> **Task**: Work out how many lines in the entries contain the string "imports", and give nothing but that number.

> **Data to examine**:
*** Begin section ***
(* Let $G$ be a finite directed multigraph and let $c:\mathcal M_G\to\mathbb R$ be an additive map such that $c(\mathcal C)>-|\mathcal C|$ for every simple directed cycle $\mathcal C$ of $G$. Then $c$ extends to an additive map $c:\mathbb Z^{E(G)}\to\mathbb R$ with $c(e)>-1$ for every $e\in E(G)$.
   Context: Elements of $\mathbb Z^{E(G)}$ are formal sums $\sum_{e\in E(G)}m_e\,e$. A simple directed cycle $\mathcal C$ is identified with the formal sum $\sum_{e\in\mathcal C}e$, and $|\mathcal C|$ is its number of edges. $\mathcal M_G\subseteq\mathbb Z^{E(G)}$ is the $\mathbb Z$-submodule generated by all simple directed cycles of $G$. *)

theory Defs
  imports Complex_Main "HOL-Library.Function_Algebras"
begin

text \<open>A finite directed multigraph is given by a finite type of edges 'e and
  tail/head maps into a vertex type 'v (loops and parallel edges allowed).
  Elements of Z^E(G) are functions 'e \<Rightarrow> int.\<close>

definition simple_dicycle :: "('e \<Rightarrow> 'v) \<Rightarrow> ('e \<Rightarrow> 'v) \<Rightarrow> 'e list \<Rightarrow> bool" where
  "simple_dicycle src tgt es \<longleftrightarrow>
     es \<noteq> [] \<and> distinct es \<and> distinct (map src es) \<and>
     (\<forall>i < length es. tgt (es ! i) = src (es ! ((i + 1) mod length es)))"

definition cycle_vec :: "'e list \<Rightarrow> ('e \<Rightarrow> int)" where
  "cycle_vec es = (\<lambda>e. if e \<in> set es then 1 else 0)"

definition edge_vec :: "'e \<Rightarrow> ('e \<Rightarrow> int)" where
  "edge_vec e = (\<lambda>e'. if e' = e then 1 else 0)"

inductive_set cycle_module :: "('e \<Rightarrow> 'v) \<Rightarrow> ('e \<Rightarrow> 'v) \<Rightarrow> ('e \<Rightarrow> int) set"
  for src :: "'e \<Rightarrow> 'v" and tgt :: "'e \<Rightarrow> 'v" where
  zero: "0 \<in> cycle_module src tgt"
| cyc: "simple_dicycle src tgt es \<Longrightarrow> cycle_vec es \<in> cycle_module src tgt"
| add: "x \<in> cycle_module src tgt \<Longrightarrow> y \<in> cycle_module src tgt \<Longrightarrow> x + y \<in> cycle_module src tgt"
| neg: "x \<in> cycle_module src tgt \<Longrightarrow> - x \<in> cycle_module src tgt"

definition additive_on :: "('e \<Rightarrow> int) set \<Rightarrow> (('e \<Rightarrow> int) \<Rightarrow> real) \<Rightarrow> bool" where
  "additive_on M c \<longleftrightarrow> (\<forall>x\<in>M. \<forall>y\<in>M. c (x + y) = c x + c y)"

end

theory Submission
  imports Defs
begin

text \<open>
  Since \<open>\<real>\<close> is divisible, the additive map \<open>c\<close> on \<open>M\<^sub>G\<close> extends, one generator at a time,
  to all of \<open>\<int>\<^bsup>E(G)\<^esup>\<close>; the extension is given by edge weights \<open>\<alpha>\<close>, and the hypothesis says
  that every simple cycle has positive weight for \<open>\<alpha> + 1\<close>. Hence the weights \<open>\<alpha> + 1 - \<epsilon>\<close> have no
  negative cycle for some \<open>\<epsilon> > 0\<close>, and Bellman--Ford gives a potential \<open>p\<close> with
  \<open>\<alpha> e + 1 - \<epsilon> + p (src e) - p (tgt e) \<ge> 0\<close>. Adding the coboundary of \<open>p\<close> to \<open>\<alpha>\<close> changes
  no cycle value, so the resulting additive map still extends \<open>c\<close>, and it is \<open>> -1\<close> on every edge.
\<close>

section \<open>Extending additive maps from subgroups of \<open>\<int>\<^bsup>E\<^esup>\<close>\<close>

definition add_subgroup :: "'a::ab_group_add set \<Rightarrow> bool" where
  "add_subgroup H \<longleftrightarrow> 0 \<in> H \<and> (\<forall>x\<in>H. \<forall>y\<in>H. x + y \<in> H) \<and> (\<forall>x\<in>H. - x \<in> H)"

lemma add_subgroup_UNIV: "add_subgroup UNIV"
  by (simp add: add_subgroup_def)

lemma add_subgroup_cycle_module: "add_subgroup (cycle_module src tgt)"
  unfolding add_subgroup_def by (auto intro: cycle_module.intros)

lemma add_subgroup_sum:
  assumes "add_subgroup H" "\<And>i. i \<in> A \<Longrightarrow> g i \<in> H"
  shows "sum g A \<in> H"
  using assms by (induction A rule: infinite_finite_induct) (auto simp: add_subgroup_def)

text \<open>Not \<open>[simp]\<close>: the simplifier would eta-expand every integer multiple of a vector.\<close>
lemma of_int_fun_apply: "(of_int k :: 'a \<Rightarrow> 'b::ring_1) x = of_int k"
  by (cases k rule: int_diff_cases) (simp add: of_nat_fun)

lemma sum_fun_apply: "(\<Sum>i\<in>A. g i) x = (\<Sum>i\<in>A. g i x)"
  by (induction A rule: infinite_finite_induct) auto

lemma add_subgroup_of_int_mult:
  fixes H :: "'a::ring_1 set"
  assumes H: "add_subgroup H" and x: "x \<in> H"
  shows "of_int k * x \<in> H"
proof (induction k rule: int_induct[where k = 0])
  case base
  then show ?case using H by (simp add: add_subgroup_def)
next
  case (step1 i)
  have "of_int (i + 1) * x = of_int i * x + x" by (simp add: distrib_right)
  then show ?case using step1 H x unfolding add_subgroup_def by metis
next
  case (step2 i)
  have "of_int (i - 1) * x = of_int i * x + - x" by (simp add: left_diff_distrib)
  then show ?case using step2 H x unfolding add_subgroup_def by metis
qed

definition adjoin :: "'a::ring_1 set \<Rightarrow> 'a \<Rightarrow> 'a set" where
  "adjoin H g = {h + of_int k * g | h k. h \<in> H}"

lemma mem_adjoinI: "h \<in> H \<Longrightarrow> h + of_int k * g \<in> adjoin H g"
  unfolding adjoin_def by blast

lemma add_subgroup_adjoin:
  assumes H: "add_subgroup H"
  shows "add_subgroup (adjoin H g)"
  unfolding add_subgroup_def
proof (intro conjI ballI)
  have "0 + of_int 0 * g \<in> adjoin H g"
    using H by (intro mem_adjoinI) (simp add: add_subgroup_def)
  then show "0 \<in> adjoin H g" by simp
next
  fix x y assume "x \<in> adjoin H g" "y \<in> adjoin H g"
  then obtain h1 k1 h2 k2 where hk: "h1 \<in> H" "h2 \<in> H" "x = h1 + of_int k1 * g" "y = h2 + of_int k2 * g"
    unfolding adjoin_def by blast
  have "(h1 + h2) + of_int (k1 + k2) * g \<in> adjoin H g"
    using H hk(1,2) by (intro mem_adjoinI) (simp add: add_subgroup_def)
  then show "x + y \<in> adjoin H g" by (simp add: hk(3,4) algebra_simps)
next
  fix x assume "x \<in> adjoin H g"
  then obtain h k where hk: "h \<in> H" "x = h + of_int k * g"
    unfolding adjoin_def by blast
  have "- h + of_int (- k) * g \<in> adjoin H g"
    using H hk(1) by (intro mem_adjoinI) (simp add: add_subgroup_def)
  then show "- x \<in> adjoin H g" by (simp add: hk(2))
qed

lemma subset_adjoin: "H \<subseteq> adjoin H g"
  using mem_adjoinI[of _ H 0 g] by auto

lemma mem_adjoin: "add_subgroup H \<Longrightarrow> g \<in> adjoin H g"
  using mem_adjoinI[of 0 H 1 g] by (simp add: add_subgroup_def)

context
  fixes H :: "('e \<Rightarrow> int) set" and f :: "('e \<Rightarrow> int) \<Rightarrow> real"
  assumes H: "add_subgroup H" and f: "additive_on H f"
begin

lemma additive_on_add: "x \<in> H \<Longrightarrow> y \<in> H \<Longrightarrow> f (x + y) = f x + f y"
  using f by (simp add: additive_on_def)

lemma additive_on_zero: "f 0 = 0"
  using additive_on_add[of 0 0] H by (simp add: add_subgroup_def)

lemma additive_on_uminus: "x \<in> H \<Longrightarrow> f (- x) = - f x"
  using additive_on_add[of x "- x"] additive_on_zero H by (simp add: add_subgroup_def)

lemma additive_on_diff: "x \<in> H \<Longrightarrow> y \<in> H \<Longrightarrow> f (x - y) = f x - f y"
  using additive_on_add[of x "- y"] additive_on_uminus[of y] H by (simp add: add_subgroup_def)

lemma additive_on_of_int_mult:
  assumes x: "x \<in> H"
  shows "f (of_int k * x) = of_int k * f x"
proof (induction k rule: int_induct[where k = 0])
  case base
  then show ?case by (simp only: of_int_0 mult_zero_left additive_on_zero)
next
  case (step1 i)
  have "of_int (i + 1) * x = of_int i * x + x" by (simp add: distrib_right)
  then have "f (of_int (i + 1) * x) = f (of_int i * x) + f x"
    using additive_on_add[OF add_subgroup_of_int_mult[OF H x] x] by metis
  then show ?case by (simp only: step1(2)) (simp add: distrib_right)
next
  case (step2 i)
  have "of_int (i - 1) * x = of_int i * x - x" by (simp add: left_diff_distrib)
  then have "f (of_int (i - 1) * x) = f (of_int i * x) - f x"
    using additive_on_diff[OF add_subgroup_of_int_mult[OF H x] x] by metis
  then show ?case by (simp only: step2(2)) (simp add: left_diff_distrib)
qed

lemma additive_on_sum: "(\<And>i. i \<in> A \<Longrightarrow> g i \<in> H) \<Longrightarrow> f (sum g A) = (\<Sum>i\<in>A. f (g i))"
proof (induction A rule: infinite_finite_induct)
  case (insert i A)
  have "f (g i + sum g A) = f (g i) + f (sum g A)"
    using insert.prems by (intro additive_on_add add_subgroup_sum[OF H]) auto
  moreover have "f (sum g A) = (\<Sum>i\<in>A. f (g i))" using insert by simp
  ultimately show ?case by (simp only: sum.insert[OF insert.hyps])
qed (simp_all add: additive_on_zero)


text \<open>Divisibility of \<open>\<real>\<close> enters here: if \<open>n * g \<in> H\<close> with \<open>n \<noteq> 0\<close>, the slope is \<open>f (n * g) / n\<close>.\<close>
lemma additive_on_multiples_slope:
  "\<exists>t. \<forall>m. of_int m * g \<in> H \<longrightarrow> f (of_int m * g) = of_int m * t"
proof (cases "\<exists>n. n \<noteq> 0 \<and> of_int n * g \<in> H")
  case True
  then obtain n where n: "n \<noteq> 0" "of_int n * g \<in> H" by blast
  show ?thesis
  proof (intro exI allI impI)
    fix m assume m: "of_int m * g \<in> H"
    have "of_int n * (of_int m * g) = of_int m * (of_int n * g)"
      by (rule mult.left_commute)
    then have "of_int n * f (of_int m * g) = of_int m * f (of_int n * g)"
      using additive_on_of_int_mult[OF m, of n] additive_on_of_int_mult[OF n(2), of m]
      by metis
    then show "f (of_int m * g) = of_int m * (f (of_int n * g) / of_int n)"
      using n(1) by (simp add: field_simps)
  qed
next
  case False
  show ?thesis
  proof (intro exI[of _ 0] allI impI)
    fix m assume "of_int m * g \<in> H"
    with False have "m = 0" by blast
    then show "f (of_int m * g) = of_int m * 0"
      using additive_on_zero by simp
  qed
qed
*** End section ***
> **Solved problem**: 2